### The problem
Look through the data below and extract, unchanged, the lines from the one that contains "A *\<^sub>v (e" to the one that contains "unfolding of_real_sum complex_norm_square", both included.

■ ■ ■ ■ ■

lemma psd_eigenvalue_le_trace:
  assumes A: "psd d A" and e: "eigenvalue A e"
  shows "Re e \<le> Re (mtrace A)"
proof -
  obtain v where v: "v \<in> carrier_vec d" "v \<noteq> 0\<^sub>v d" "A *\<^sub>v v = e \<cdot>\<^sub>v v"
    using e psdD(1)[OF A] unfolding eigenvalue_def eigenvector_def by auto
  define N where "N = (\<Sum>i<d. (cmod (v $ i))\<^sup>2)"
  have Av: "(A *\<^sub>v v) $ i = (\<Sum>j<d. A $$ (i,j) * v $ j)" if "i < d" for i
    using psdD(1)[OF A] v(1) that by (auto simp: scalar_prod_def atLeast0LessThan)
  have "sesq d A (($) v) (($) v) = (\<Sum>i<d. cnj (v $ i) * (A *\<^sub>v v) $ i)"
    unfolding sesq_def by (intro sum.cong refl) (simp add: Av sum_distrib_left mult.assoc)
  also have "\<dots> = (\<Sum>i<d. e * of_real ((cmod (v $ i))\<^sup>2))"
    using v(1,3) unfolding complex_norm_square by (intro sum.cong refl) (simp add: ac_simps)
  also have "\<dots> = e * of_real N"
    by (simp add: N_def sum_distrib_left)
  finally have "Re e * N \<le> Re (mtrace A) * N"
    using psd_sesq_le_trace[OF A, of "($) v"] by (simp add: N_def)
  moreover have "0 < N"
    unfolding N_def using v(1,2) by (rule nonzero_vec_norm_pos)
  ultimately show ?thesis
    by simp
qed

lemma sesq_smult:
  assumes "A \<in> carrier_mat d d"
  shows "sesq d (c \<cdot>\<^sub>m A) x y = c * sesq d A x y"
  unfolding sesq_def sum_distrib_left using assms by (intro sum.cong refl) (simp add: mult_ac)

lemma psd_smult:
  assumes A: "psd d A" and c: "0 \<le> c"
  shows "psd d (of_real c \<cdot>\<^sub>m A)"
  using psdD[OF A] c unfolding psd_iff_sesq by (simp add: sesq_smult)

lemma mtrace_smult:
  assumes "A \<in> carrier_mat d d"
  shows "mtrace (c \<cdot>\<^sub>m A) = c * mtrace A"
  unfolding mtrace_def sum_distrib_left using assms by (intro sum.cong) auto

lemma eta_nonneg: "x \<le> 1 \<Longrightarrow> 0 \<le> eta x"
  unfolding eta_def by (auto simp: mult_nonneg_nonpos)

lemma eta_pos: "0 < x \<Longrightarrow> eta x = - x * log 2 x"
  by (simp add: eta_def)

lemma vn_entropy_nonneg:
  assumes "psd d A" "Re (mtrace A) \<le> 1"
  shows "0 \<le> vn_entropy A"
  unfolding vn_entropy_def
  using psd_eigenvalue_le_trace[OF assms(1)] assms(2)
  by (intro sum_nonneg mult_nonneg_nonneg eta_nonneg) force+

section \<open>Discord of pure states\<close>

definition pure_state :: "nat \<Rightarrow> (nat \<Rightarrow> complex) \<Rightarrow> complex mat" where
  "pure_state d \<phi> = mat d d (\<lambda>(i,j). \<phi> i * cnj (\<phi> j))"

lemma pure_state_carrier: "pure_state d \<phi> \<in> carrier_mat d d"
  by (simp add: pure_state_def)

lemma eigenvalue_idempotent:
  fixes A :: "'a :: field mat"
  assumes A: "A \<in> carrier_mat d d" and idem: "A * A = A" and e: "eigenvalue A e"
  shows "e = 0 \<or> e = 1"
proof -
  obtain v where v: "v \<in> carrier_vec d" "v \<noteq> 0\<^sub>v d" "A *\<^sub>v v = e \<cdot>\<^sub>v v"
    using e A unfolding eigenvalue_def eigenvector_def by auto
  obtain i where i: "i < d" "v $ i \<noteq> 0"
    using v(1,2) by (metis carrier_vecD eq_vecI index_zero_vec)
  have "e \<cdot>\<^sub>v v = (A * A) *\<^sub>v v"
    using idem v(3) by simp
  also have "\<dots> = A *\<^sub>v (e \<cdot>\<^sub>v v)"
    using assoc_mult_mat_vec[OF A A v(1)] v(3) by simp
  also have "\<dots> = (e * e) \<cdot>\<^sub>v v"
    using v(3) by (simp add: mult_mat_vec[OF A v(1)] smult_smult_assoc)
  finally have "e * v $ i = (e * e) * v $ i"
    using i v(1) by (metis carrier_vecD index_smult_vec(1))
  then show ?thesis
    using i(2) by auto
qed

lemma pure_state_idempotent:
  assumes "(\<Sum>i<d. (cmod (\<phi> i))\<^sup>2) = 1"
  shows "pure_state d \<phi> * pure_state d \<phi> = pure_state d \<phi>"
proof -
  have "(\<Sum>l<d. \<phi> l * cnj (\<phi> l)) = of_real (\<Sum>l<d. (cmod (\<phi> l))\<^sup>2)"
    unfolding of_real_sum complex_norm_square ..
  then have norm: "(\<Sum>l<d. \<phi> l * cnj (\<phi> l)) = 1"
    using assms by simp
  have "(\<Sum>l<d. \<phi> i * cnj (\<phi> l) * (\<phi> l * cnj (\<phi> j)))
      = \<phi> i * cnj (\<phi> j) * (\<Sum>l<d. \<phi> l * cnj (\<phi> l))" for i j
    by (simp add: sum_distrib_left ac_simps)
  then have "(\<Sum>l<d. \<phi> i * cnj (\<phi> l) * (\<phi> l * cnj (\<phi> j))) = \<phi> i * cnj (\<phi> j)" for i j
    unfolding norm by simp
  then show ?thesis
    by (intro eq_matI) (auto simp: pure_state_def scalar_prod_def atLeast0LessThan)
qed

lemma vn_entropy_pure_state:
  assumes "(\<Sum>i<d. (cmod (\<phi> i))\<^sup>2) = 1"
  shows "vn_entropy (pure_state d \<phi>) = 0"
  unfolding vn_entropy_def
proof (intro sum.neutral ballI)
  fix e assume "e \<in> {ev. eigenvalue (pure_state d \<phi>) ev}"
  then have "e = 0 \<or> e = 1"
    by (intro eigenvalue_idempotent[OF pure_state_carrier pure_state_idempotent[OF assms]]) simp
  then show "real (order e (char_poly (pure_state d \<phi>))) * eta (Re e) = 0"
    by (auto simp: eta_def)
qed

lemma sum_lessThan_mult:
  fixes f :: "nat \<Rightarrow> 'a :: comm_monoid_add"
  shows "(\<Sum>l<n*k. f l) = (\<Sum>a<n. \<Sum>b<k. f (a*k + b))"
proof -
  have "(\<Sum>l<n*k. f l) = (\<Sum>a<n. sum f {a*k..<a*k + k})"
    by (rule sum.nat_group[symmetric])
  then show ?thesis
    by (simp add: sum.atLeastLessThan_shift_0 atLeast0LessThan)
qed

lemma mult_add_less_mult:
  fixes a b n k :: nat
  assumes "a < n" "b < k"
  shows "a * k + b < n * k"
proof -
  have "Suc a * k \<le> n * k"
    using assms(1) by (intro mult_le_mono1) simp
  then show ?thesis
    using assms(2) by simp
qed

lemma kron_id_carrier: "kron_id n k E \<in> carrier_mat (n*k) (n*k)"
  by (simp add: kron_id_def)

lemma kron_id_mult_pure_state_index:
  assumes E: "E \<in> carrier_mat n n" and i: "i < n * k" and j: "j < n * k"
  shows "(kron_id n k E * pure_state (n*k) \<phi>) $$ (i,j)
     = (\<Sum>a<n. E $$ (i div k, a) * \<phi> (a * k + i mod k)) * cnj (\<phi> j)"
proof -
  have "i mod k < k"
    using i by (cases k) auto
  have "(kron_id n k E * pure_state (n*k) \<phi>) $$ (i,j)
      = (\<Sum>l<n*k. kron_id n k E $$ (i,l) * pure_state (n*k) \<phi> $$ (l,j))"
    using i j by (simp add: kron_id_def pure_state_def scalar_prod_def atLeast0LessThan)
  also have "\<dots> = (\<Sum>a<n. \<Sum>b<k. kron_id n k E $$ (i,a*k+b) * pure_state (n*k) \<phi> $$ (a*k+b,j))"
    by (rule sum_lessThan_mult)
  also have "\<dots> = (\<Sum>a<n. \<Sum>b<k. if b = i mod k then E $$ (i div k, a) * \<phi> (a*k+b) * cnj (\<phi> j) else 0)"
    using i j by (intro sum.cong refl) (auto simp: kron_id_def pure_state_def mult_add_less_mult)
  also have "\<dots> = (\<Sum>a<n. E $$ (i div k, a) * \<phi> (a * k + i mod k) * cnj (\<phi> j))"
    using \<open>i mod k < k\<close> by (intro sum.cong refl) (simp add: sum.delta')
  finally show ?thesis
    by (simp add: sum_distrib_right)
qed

■ ■ ■ ■ ■

### Solved exercise
  also have "\<dots> = A *\<^sub>v (e \<cdot>\<^sub>v v)"
    using assoc_mult_mat_vec[OF A A v(1)] v(3) by simp
  also have "\<dots> = (e * e) \<cdot>\<^sub>v v"
    using v(3) by (simp add: mult_mat_vec[OF A v(1)] smult_smult_assoc)
  finally have "e * v $ i = (e * e) * v $ i"
    using i v(1) by (metis carrier_vecD index_smult_vec(1))
  then show ?thesis
    using i(2) by auto
qed

lemma pure_state_idempotent:
  assumes "(\<Sum>i<d. (cmod (\<phi> i))\<^sup>2) = 1"
  shows "pure_state d \<phi> * pure_state d \<phi> = pure_state d \<phi>"
proof -
  have "(\<Sum>l<d. \<phi> l * cnj (\<phi> l)) = of_real (\<Sum>l<d. (cmod (\<phi> l))\<^sup>2)"
    unfolding of_real_sum complex_norm_square ..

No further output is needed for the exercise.